Publication number: CA2472671A1
Application number: CA002472671A
Authority: CA
Inventors: Rick Huang; Stefan Alexander; Arokia Nathan
Original assignee: Ignis Innovation Inc
Current assignee: Ignis Innovation Inc
Priority date: 2004-06-29
Filing date: 2004-06-29
Publication date: 2005-12-29
Also published as: EP1779365A4; CN1977303B; TW200603057A; JP2008504576A; EP2827323A3; US8115707B2; JP5279265B2; EP1779365B1; WO2006000101A1; CN102426822A; CN102426822B; US20120139894A1; EP2827323A2; US8232939B2; EP1779365A1; USRE47257E1; US20080191976A1; USRE45291E1; CN1977303A

Abstract

A method of programming light emitting diode displays is provided. The method uses voltage -programming techniques wherein feedback is used for current/voltage correction.

Description

Voltage-Programming Scheme for Current-Driven AMOLED displays Described below is a method for programming Active-Matrix Organic Light-Emitting Diode (AMOLED) displays. This "drive scheme" is applicable to pixel circuits in which the level of brightness is determined by the magnitude of current on the data line.
There are two fundamental concepts that are introduced in this document. One concept is to acquire the Vt shift information though a charge-and-discharge technique. The acquired Vt shift information can be used to compensate for the degradation of the pixel circuit thus maintaining uniform brightness of the display.
The second concept is to program the pixel with a current then read back the voltage necessary to maintain that current. The next time that particular level of current is required, instead of programming with a current, the pixel is programmed with the appropriate voltage. This decreases the time in which the pixel can be programmed.
This invention addresses the major issue with current-programmed pixel circuits, namely the slow programming time. The concept of using feedback to compensate the pixel circuit enhances the uniformity and stability of the display while retaining the fast programming capability of the voltage programmed drive scheme.

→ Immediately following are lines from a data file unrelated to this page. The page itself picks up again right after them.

(* Fix $c\in\mathcal{C}'$ with $\mathcal{S}(c)\setminus\{c\}\neq\emptyset$ and arbitrary values of all messages, and let $b_t$, $t\in\mathcal{T}$, be the corresponding beliefs. Let $\boldsymbol\lambda_{c,\mathcal{S}(c)}$ be the current block of messages out of $c$ and $\boldsymbol\lambda^*_{c,\mathcal{S}(c)}$ the updated block. Then the dual decrease $d(c)=g_c(\boldsymbol\lambda_{c,\mathcal{S}(c)})-g_c(\boldsymbol\lambda^*_{c,\mathcal{S}(c)})$ satisfies $$d(c)=\max_{\mathbf{x}_c}b_c(\mathbf{x}_c)+\sum_{s\in\mathcal{S}(c)\setminus\{c\}}\max_{\mathbf{x}_s}b_s(\mathbf{x}_s)-\max_{\mathbf{x}_c}\Big[b_c(\mathbf{x}_c)+\sum_{s\in\mathcal{S}(c)\setminus\{c\}}b_s(\mathbf{x}_s)\Big]\geqslant 0.$$
   Context: Let $\mathcal{V}=\{1,\dots,n\}$; each variable $x_i$ takes values in a finite set, and for $s\subseteq\mathcal{V}$ write $\mathbf{x}_s=(x_i)_{i\in s}$. Let $\mathcal{C}$ be a collection of subsets of $\mathcal{V}$ with real potentials $\theta_c(\mathbf{x}_c)$, $c\in\mathcal{C}$. Let $\mathcal{C}'$ be a collection of subsets of $\mathcal{V}$ and for each $c\in\mathcal{C}'$ let $\mathcal{S}(c)$ be a collection of subsets of $c$ (possibly containing $c$), with $\mathcal{C}'\cup\bigcup_{c\in\mathcal{C}'}\mathcal{S}(c)\supseteq\mathcal{C}$; put $\mathcal{T}=\mathcal{C}'\cup\bigcup_{c\in\mathcal{C}'}\mathcal{S}(c)$. Messages are reals $\lambda_{c\to s}(\mathbf{x}_s)$, $c\in\mathcal{C}'$, $s\in\mathcal{S}(c)\setminus\{c\}$. For $t\in\mathcal{T}$: $\hat\theta_t=\mathbb{1}(t\in\mathcal{C})\theta_t$; $\gamma_t(\mathbf{x}_t)=\mathbb{1}(t\in\mathcal{C}')\sum_{\hat s\in\mathcal{S}(t)\setminus\{t\}}\lambda_{t\to\hat s}(\mathbf{x}_{\hat s})$; $\lambda_t(\mathbf{x}_t)=\sum_{c'\in\mathcal{C}':\,t\in\mathcal{S}(c')\setminus\{c'\}}\lambda_{c'\to t}(\mathbf{x}_t)$; beliefs $b_t=\hat\theta_t+\lambda_t-\gamma_t$. For $s\in\mathcal{S}(c)\setminus\{c\}$, $\lambda_s^{-c}(\mathbf{x}_s)=\sum_{\hat c\in\mathcal{C}':\,\hat c\ne c,\ s\in\mathcal{S}(\hat c)\setminus\{\hat c\}}\lambda_{\hat c\to s}(\mathbf{x}_s)$. With all messages not of the form $\lambda_{c\to s}$ held fixed, $g_c$ is the function of the block $\boldsymbol\lambda_{c,\mathcal{S}(c)}=(\lambda_{c\to s}(\mathbf{x}_s))_{s\in\mathcal{S}(c)\setminus\{c\}}$ given by $g_c=\max_{\mathbf{x}_c}[\hat\theta_c(\mathbf{x}_c)-\sum_{s\in\mathcal{S}(c)\setminus\{c\}}\lambda_{c\to s}(\mathbf{x}_s)+\lambda_c(\mathbf{x}_c)]+\sum_{s\in\mathcal{S}(c)\setminus\{c\}}\max_{\mathbf{x}_s}[\hat\theta_s(\mathbf{x}_s)-\gamma_s(\mathbf{x}_s)+\lambda^{-c}_s(\mathbf{x}_s)+\lambda_{c\to s}(\mathbf{x}_s)]$. The updated block is $\lambda^*_{c\to s}(\mathbf{x}_s)=-\hat\theta_s(\mathbf{x}_s)+\gamma_s(\mathbf{x}_s)-\lambda_s^{-c}(\mathbf{x}_s)+\frac{1}{|\mathcal{S}(c)\setminus\{c\}|}\max_{\mathbf{x}_{c\setminus s}}[\hat\theta_c(\mathbf{x}_c)+\lambda_c(\mathbf{x}_c)+\sum_{\hat s\in\mathcal{S}(c)\setminus\{c\}}(\hat\theta_{\hat s}-\gamma_{\hat s}+\lambda^{-c}_{\hat s})(\mathbf{x}_{\hat s})]$. *)

theory Defs
  imports Complex_Main "HOL-Library.FuncSet"
begin

(* Configurations (joint assignments) x_s of the variables in s:
   functions defined on s with x i \<in> D i, undefined outside s.
   x_s of a configuration x_c (s \<subseteq> c) is  restrict x s. *)
definition cfg :: "(nat \<Rightarrow> 'v set) \<Rightarrow> nat set \<Rightarrow> (nat \<Rightarrow> 'v) set" where
  "cfg D s = PiE s D"

definition theta_hat :: "nat set set \<Rightarrow> (nat set \<Rightarrow> (nat \<Rightarrow> 'v) \<Rightarrow> real)
    \<Rightarrow> nat set \<Rightarrow> (nat \<Rightarrow> 'v) \<Rightarrow> real" where
  "theta_hat C \<theta> t x = (if t \<in> C then \<theta> t x else 0)"

(* gamma_t(x_t) = 1(t \<in> C') \<Sum>_{s \<in> S(t)\{t}} lambda_{t\<rightarrow>s}(x_s);
   messages: lam c s x_s = lambda_{c\<rightarrow>s}(x_s) *)
definition gamma :: "nat set set \<Rightarrow> (nat set \<Rightarrow> nat set set)
    \<Rightarrow> (nat set \<Rightarrow> nat set \<Rightarrow> (nat \<Rightarrow> 'v) \<Rightarrow> real) \<Rightarrow> nat set \<Rightarrow> (nat \<Rightarrow> 'v) \<Rightarrow> real" where
  "gamma C' S lam t x = (if t \<in> C' then (\<Sum>s\<in>S t - {t}. lam t s (restrict x s)) else 0)"

definition lam_in :: "nat set set \<Rightarrow> (nat set \<Rightarrow> nat set set)
    \<Rightarrow> (nat set \<Rightarrow> nat set \<Rightarrow> (nat \<Rightarrow> 'v) \<Rightarrow> real) \<Rightarrow> nat set \<Rightarrow> (nat \<Rightarrow> 'v) \<Rightarrow> real" where
  "lam_in C' S lam t x = (\<Sum>c'\<in>{c'\<in>C'. t \<in> S c' - {c'}}. lam c' t x)"

definition lam_minus :: "nat set set \<Rightarrow> (nat set \<Rightarrow> nat set set)
    \<Rightarrow> (nat set \<Rightarrow> nat set \<Rightarrow> (nat \<Rightarrow> 'v) \<Rightarrow> real) \<Rightarrow> nat set \<Rightarrow> nat set \<Rightarrow> (nat \<Rightarrow> 'v) \<Rightarrow> real" where
  "lam_minus C' S lam c s x = (\<Sum>c'\<in>{c'\<in>C'. c' \<noteq> c \<and> s \<in> S c' - {c'}}. lam c' s x)"

definition belief :: "nat set set \<Rightarrow> nat set set \<Rightarrow> (nat set \<Rightarrow> nat set set)
    \<Rightarrow> (nat set \<Rightarrow> (nat \<Rightarrow> 'v) \<Rightarrow> real)
    \<Rightarrow> (nat set \<Rightarrow> nat set \<Rightarrow> (nat \<Rightarrow> 'v) \<Rightarrow> real) \<Rightarrow> nat set \<Rightarrow> (nat \<Rightarrow> 'v) \<Rightarrow> real" where
  "belief C C' S \<theta> lam t x = theta_hat C \<theta> t x + lam_in C' S lam t x - gamma C' S lam t x"

(* g_c as a function of the block blk s x_s = lambda_{c\<rightarrow>s}(x_s), s \<in> S(c)\{c};
   all other messages are taken from lam (held fixed). *)
definition g_block :: "nat set set \<Rightarrow> nat set set \<Rightarrow> (nat set \<Rightarrow> nat set set)
    \<Rightarrow> (nat set \<Rightarrow> (nat \<Rightarrow> 'v) \<Rightarrow> real) \<Rightarrow> (nat \<Rightarrow> 'v set)
    \<Rightarrow> (nat set \<Rightarrow> nat set \<Rightarrow> (nat \<Rightarrow> 'v) \<Rightarrow> real) \<Rightarrow> nat set
    \<Rightarrow> (nat set \<Rightarrow> (nat \<Rightarrow> 'v) \<Rightarrow> real) \<Rightarrow> real" where
  "g_block C C' S \<theta> D lam c blk =
     Max ((\<lambda>x. theta_hat C \<theta> c x - (\<Sum>s\<in>S c - {c}. blk s (restrict x s)) + lam_in C' S lam c x)
            ` cfg D c)
     + (\<Sum>s\<in>S c - {c}. Max ((\<lambda>x. theta_hat C \<theta> s x - gamma C' S lam s x
                                    + lam_minus C' S lam c s x + blk s x) ` cfg D s))"
(* Let $G=(V,E)$ be a chordal graph and $T$ a spanning tree of $G$ rooted in $s\in V$. Then $T$ is an $\mathcal L$-tree of LexDFS of $G$ if and only if $T$ is an $\mathcal L$-tree of LexBFS of $G$.
   Context: Graphs are finite, simple, undirected and connected. A graph is chordal if it has no induced cycle of length greater than 3. LexDFS started at $s$: label $s$ with $(0)$, all other vertices with the empty label; for $i=1,\dots,n$ pick an unnumbered vertex $v$ with lexicographically largest label, set $\sigma(i)=v$, and prepend $i$ to the label of each unnumbered neighbor of $v$. LexBFS started at $s$: label $s$ with $(n)$, others empty; same loop but append $n-i$ to the label of each unnumbered neighbor of $v$. Orders of these searches are all possible outputs. The $\mathcal L$-tree of a vertex order $(v_1,\dots,v_n)$ is the spanning tree rooted at $v_1$ with an edge from each $v_i$ ($i>1$) to its rightmost neighbor $v_j$ with $j<i$. A spanning tree $T$ rooted at $s$ is an $\mathcal L$-tree of a search $\mathcal P$ of $G$ if some $\mathcal P$-order of $G$ starting at $s$ has $\mathcal L$-tree $T$. *)

theory Defs
  imports Main
begin

definition graph :: "'a set \<Rightarrow> ('a \<Rightarrow> 'a \<Rightarrow> bool) \<Rightarrow> bool" where
  "graph V E \<longleftrightarrow> finite V \<and> V \<noteq> {} \<and>
     (\<forall>u v. E u v \<longrightarrow> u \<in> V \<and> v \<in> V) \<and>
     (\<forall>u v. E u v \<longrightarrow> E v u) \<and> (\<forall>v. \<not> E v v) \<and>
     (\<forall>u\<in>V. \<forall>v\<in>V. E\<^sup>*\<^sup>* u v)"

definition induced_cycle :: "'a set \<Rightarrow> ('a \<Rightarrow> 'a \<Rightarrow> bool) \<Rightarrow> 'a list \<Rightarrow> bool" where
  "induced_cycle V E cs \<longleftrightarrow> distinct cs \<and> set cs \<subseteq> V \<and> length cs \<ge> 3 \<and>
     (\<forall>i < length cs. E (cs ! i) (cs ! ((i + 1) mod length cs))) \<and>
     (\<forall>i < length cs. \<forall>j < length cs. E (cs ! i) (cs ! j) \<longrightarrow>
        j = (i + 1) mod length cs \<or> i = (j + 1) mod length cs)"

definition chordal :: "'a set \<Rightarrow> ('a \<Rightarrow> 'a \<Rightarrow> bool) \<Rightarrow> bool" where
  "chordal V E \<longleftrightarrow> (\<forall>cs. induced_cycle V E cs \<longrightarrow> length cs \<le> 3)"

text \<open>Lexicographic strict order on labels (proper prefixes are smaller).\<close>
definition lex_less :: "nat list \<Rightarrow> nat list \<Rightarrow> bool" where
  "lex_less xs ys \<longleftrightarrow> (xs, ys) \<in> lexord {(a, b). a < b}"

text \<open>Labels after the first i vertices of the order \<sigma> have been numbered
  (the vertex \<sigma>!i gets number Suc i).\<close>
primrec lexdfs_label :: "('a \<Rightarrow> 'a \<Rightarrow> bool) \<Rightarrow> 'a \<Rightarrow> 'a list \<Rightarrow> nat \<Rightarrow> 'a \<Rightarrow> nat list" where
  "lexdfs_label E s \<sigma> 0 v = (if v = s then [0] else [])"
| "lexdfs_label E s \<sigma> (Suc i) v =
     (if E (\<sigma> ! i) v \<and> v \<notin> set (take (Suc i) \<sigma>)
      then Suc i # lexdfs_label E s \<sigma> i v else lexdfs_label E s \<sigma> i v)"

primrec lexbfs_label :: "('a \<Rightarrow> 'a \<Rightarrow> bool) \<Rightarrow> 'a \<Rightarrow> nat \<Rightarrow> 'a list \<Rightarrow> nat \<Rightarrow> 'a \<Rightarrow> nat list" where
  "lexbfs_label E s n \<sigma> 0 v = (if v = s then [n] else [])"
| "lexbfs_label E s n \<sigma> (Suc i) v =
     (if E (\<sigma> ! i) v \<and> v \<notin> set (take (Suc i) \<sigma>)
      then lexbfs_label E s n \<sigma> i v @ [n - Suc i] else lexbfs_label E s n \<sigma> i v)"

definition search_order :: "'a set \<Rightarrow> (nat \<Rightarrow> 'a \<Rightarrow> nat list) \<Rightarrow> 'a list \<Rightarrow> bool" where
  "search_order V lab \<sigma> \<longleftrightarrow> distinct \<sigma> \<and> set \<sigma> = V \<and>
     (\<forall>i < length \<sigma>. \<forall>w \<in> V - set (take i \<sigma>). \<not> lex_less (lab i (\<sigma> ! i)) (lab i w))"

definition lexdfs_order :: "'a set \<Rightarrow> ('a \<Rightarrow> 'a \<Rightarrow> bool) \<Rightarrow> 'a \<Rightarrow> 'a list \<Rightarrow> bool" where
  "lexdfs_order V E s \<sigma> \<longleftrightarrow> search_order V (lexdfs_label E s \<sigma>) \<sigma>"

definition lexbfs_order :: "'a set \<Rightarrow> ('a \<Rightarrow> 'a \<Rightarrow> bool) \<Rightarrow> 'a \<Rightarrow> 'a list \<Rightarrow> bool" where
  "lexbfs_order V E s \<sigma> \<longleftrightarrow> search_order V (lexbfs_label E s (card V) \<sigma>) \<sigma>"

definition L_tree :: "('a \<Rightarrow> 'a \<Rightarrow> bool) \<Rightarrow> 'a list \<Rightarrow> 'a set set" where
  "L_tree E \<sigma> = {{\<sigma> ! i, \<sigma> ! (GREATEST j. j < i \<and> E (\<sigma> ! i) (\<sigma> ! j))} | i. 0 < i \<and> i < length \<sigma>}"

definition spanning_tree :: "'a set \<Rightarrow> ('a \<Rightarrow> 'a \<Rightarrow> bool) \<Rightarrow> 'a set set \<Rightarrow> bool" where
  "spanning_tree V E T \<longleftrightarrow> (\<forall>e \<in> T. \<exists>u v. e = {u, v} \<and> E u v) \<and>
     (\<forall>u\<in>V. \<forall>v\<in>V. (\<lambda>x y. {x, y} \<in> T)\<^sup>*\<^sup>* u v) \<and> card T = card V - 1"

definition is_L_tree_of_LexDFS :: "'a set \<Rightarrow> ('a \<Rightarrow> 'a \<Rightarrow> bool) \<Rightarrow> 'a \<Rightarrow> 'a set set \<Rightarrow> bool" where
  "is_L_tree_of_LexDFS V E s T \<longleftrightarrow>
     (\<exists>\<sigma>. lexdfs_order V E s \<sigma> \<and> \<sigma> ! 0 = s \<and> L_tree E \<sigma> = T)"

definition is_L_tree_of_LexBFS :: "'a set \<Rightarrow> ('a \<Rightarrow> 'a \<Rightarrow> bool) \<Rightarrow> 'a \<Rightarrow> 'a set set \<Rightarrow> bool" where
  "is_L_tree_of_LexBFS V E s T \<longleftrightarrow>
     (\<exists>\<sigma>. lexbfs_order V E s \<sigma> \<and> \<sigma> ! 0 = s \<and> L_tree E \<sigma> = T)"

end

theory Submission
  imports Defs "HOL-Library.List_Lexorder"
begin

text \<open>LexBFS and LexDFS are maximal neighbourhood searches: the label of an unnumbered vertex
  grows with its set of numbered neighbours. On a chordal graph every order \<open>\<sigma>\<close> of such a search
  is connected and its reverse is a perfect elimination order, since for each component of the
  unnumbered part the numbered vertices attached to it always form a clique. Consequently every
  earlier neighbour of a vertex is an ancestor of it in the L-tree of \<open>\<sigma>\<close>, which joins each vertex
  to its parent, the rightmost earlier neighbour. Given a second maximal neighbourhood labelling,
  build an order greedily by always taking the oldest unvisited ancestor of a vertex of maximal
  label: it sees all visited neighbours of that vertex, so its label is maximal as well. This
  order visits parents before children, and then the elimination property makes the rightmost
  earlier neighbour of each vertex in the new order its parent, so the two L-trees coincide.\<close>

lemma nth_notin_set_take: "distinct xs \<Longrightarrow> i < length xs \<Longrightarrow> xs ! i \<notin> set (take i xs)"
  by (auto simp: in_set_conv_nth nth_eq_iff_index_eq)

lemma nth_in_set_take: "i < m \<Longrightarrow> i < length xs \<Longrightarrow> xs ! i \<in> set (take m xs)"
  by (metis in_set_conv_nth length_take min_less_iff_conj nth_take)

lemma nth_0_in_set_take: "0 < i \<Longrightarrow> i \<le> length xs \<Longrightarrow> xs ! 0 \<in> set (take i xs)"
  by (rule nth_in_set_take) auto

lemma nth_in_set_take_iff: "distinct xs \<Longrightarrow> j < length xs \<Longrightarrow> xs ! j \<in> set (take m xs) \<longleftrightarrow> j < m"
  by (auto simp: in_set_conv_nth nth_eq_iff_index_eq nth_in_set_take)

lemma in_set_take_nth: "x \<in> set (take i xs) \<Longrightarrow> \<exists>j<i. j < length xs \<and> xs ! j = x"
  by (auto simp: in_set_conv_nth)

lemma nth_eq_nth_0_iff: "distinct xs \<Longrightarrow> i < length xs \<Longrightarrow> xs ! i = xs ! 0 \<longleftrightarrow> i = 0"
  using nth_eq_iff_index_eq[of xs i 0] by (cases xs) auto

lemma last_take_Suc: "n < length xs \<Longrightarrow> last (take (Suc n) xs) = xs ! n"
  by (simp add: take_Suc_conv_app_nth)

lemma length_le_card: "finite V \<Longrightarrow> distinct xs \<Longrightarrow> set xs \<subseteq> V \<Longrightarrow> length xs \<le> card V"
  by (metis card_mono distinct_card)

lemma lex_less_iff_less: "lex_less xs ys \<longleftrightarrow> xs < ys"
  by (simp add: lex_less_def list_less_def)

lemma sorted_desc_le_if_subset:
  fixes xs ys :: "nat list"
  assumes "sorted_wrt (>) xs" "sorted_wrt (>) ys" "set xs \<subseteq> set ys"
  shows "xs \<le> ys"
  using assms
proof (induction ys arbitrary: xs)
  case Nil
  then show ?case by simp
next
  case (Cons y ys)
  show ?case
  proof (cases xs)
    case Nil
    then show ?thesis by (simp add: list_le_def list_less_def)
  next
    case (Cons x xs')
    with Cons.prems have "x \<le> y" by auto
    show ?thesis
    proof (cases "x = y")
      case True
      with Cons.prems \<open>xs = x # xs'\<close> have "xs' \<le> ys"
        by (intro Cons.IH) auto
      with True \<open>xs = x # xs'\<close> show ?thesis by (auto simp: list_le_def list_less_def)
    next
      case False
      with \<open>x \<le> y\<close> \<open>xs = x # xs'\<close> show ?thesis by (auto simp: list_le_def list_less_def)
    qed
  qed
qed

lemma sorted_desc_less_if_psubset:
  fixes xs ys :: "nat list"
  assumes "sorted_wrt (>) xs" "sorted_wrt (>) ys" "set xs \<subset> set ys"
  shows "xs < ys"
  using sorted_desc_le_if_subset[OF assms(1,2)] assms(3) by (auto simp: order.order_iff_strict)

section \<open>LexBFS and LexDFS labels\<close>

definition earlier_nbrs :: "('a \<Rightarrow> 'a \<Rightarrow> bool) \<Rightarrow> 'a list \<Rightarrow> nat \<Rightarrow> 'a \<Rightarrow> nat set" where
  "earlier_nbrs E \<sigma> i v = {j. j < i \<and> E (\<sigma> ! j) v}"

lemma earlier_nbrs_subset: "earlier_nbrs E \<sigma> i v \<subseteq> {..<i}"
  by (auto simp: earlier_nbrs_def)

lemma sorted_desc_label_mono:
  fixes f :: "nat \<Rightarrow> nat" and lab :: "'a \<Rightarrow> nat list"
  assumes inj: "inj_on f {..<i}"
    and sorted: "\<And>v. sorted_wrt (>) (lab v)"
    and set_lab: "\<And>v. set (lab v) = f ` earlier_nbrs E \<sigma> i v"
  shows "earlier_nbrs E \<sigma> i u \<subseteq> earlier_nbrs E \<sigma> i w \<Longrightarrow> lab u \<le> lab w"
    and "earlier_nbrs E \<sigma> i u \<subset> earlier_nbrs E \<sigma> i w \<Longrightarrow> lab u < lab w"
proof -
  assume "earlier_nbrs E \<sigma> i u \<subseteq> earlier_nbrs E \<sigma> i w"
  then have "set (lab u) \<subseteq> set (lab w)"
    unfolding set_lab by (rule image_mono)
  then show "lab u \<le> lab w"
    by (rule sorted_desc_le_if_subset[OF sorted sorted])
next
  assume "earlier_nbrs E \<sigma> i u \<subset> earlier_nbrs E \<sigma> i w"
  then have "set (lab u) \<subset> set (lab w)"
    unfolding set_lab by (rule image_strict_mono[OF inj_on_subset[OF inj earlier_nbrs_subset]])
  then show "lab u < lab w"
    by (rule sorted_desc_less_if_psubset[OF sorted sorted])
qed

lemma lexdfs_label_unnumbered:
  "v \<notin> set (take i \<sigma>) \<Longrightarrow> v \<noteq> s \<Longrightarrow>
     lexdfs_label E s \<sigma> i v = map Suc (filter (\<lambda>j. E (\<sigma> ! j) v) (rev [0..<i]))"
proof (induction i)
  case (Suc i)
  then have "v \<notin> set (take i \<sigma>)"
    by (meson le_SucI order_refl set_take_subset_set_take subsetD)
  with Suc show ?case by auto
qed simp

lemma lexbfs_label_unnumbered:
  "v \<notin> set (take i \<sigma>) \<Longrightarrow> v \<noteq> s \<Longrightarrow>
     lexbfs_label E s n \<sigma> i v = map (\<lambda>j. n - Suc j) (filter (\<lambda>j. E (\<sigma> ! j) v) [0..<i])"
proof (induction i)
  case (Suc i)
  then have "v \<notin> set (take i \<sigma>)"
    by (meson le_SucI order_refl set_take_subset_set_take subsetD)
  with Suc show ?case by auto
qed simp

lemma lexdfs_label_mono:
  assumes "u \<notin> set (take i \<sigma>)" "w \<notin> set (take i \<sigma>)" "u \<noteq> s" "w \<noteq> s"
  shows "earlier_nbrs E \<sigma> i u \<subseteq> earlier_nbrs E \<sigma> i w \<Longrightarrow>
      lexdfs_label E s \<sigma> i u \<le> lexdfs_label E s \<sigma> i w"
    and "earlier_nbrs E \<sigma> i u \<subset> earlier_nbrs E \<sigma> i w \<Longrightarrow>
      lexdfs_label E s \<sigma> i u < lexdfs_label E s \<sigma> i w"
proof -
  let ?lab = "\<lambda>v. map Suc (filter (\<lambda>j. E (\<sigma> ! j) v) (rev [0..<i]))"
  have "sorted_wrt (>) (?lab v)" for v
    by (simp add: sorted_wrt_map sorted_wrt_filter sorted_wrt_rev)
  moreover have "set (?lab v) = Suc ` earlier_nbrs E \<sigma> i v" for v
    by (auto simp: earlier_nbrs_def)
  ultimately show "earlier_nbrs E \<sigma> i u \<subseteq> earlier_nbrs E \<sigma> i w \<Longrightarrow>
      lexdfs_label E s \<sigma> i u \<le> lexdfs_label E s \<sigma> i w"
    and "earlier_nbrs E \<sigma> i u \<subset> earlier_nbrs E \<sigma> i w \<Longrightarrow>
      lexdfs_label E s \<sigma> i u < lexdfs_label E s \<sigma> i w"
    using sorted_desc_label_mono[of Suc i ?lab] by (simp_all add: assms lexdfs_label_unnumbered)
qed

1. Different implementation of the Vt acquisition scheme:
There are many different methods of implementing a charge and discharge drive scheme to acquire the Vt and consecutively program the pixel circuit using a voltage-programming scheme. Three different methods of programming a pixel circuit are presented.
1.1. Charge programming A charge programming capacitor is used to program the pixel circuit with a voltage that is equal to the sum of Vt and Vdata scaled by a constant K. The circuit is shown in Figure 1.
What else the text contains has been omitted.